▸ **ABOUT THIS TASK**
Retype, word for word, every line from the one holding "As long as fractional" through the one holding "nonzero solution supported" in the entries below, both included, and only those lines.

============

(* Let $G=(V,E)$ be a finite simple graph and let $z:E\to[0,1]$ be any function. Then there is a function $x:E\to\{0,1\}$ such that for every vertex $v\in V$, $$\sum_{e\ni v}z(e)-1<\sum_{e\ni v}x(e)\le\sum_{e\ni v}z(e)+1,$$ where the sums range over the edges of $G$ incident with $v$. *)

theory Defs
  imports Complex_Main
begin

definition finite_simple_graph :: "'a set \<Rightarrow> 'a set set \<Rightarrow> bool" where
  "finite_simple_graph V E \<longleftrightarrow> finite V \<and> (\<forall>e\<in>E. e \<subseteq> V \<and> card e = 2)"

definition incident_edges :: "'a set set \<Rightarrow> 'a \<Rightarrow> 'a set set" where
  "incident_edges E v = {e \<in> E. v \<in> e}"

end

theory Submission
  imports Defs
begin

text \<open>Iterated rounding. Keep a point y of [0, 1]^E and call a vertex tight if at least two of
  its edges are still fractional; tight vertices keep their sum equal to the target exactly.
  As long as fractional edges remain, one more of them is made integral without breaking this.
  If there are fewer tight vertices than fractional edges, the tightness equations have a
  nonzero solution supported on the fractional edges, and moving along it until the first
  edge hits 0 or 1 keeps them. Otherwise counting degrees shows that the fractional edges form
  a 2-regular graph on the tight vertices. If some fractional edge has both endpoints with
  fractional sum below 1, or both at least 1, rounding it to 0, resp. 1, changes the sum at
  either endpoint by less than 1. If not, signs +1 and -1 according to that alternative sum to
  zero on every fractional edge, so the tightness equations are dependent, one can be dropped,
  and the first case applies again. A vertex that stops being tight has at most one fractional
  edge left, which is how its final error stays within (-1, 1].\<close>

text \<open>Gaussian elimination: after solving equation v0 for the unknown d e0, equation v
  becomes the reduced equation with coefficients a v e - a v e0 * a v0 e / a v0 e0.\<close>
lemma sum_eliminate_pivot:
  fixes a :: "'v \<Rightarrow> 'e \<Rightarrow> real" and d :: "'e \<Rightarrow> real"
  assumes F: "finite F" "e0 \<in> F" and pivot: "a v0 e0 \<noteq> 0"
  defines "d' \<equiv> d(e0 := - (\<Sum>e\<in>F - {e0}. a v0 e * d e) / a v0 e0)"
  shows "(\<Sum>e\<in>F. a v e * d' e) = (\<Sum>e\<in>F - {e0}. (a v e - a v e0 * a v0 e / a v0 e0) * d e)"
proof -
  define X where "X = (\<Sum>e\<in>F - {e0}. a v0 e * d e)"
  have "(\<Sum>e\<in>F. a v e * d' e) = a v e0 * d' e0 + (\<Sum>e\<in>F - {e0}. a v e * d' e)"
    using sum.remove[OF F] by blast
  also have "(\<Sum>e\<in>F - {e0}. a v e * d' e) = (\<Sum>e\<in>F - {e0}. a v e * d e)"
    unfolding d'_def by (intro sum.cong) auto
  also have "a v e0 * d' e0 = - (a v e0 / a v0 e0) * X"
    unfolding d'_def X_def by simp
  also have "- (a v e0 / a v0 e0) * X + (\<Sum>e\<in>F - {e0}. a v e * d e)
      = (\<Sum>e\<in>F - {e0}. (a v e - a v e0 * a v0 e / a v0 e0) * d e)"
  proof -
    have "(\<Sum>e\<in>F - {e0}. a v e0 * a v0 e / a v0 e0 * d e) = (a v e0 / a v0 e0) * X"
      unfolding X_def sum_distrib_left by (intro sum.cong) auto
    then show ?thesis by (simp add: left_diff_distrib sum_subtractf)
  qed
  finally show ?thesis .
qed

============

▸ **ANSWER TO THIS EXERCISE**
  As long as fractional edges remain, one more of them is made integral without breaking this.
  If there are fewer tight vertices than fractional edges, the tightness equations have a
  nonzero solution supported on the fractional edges, and moving along it until the first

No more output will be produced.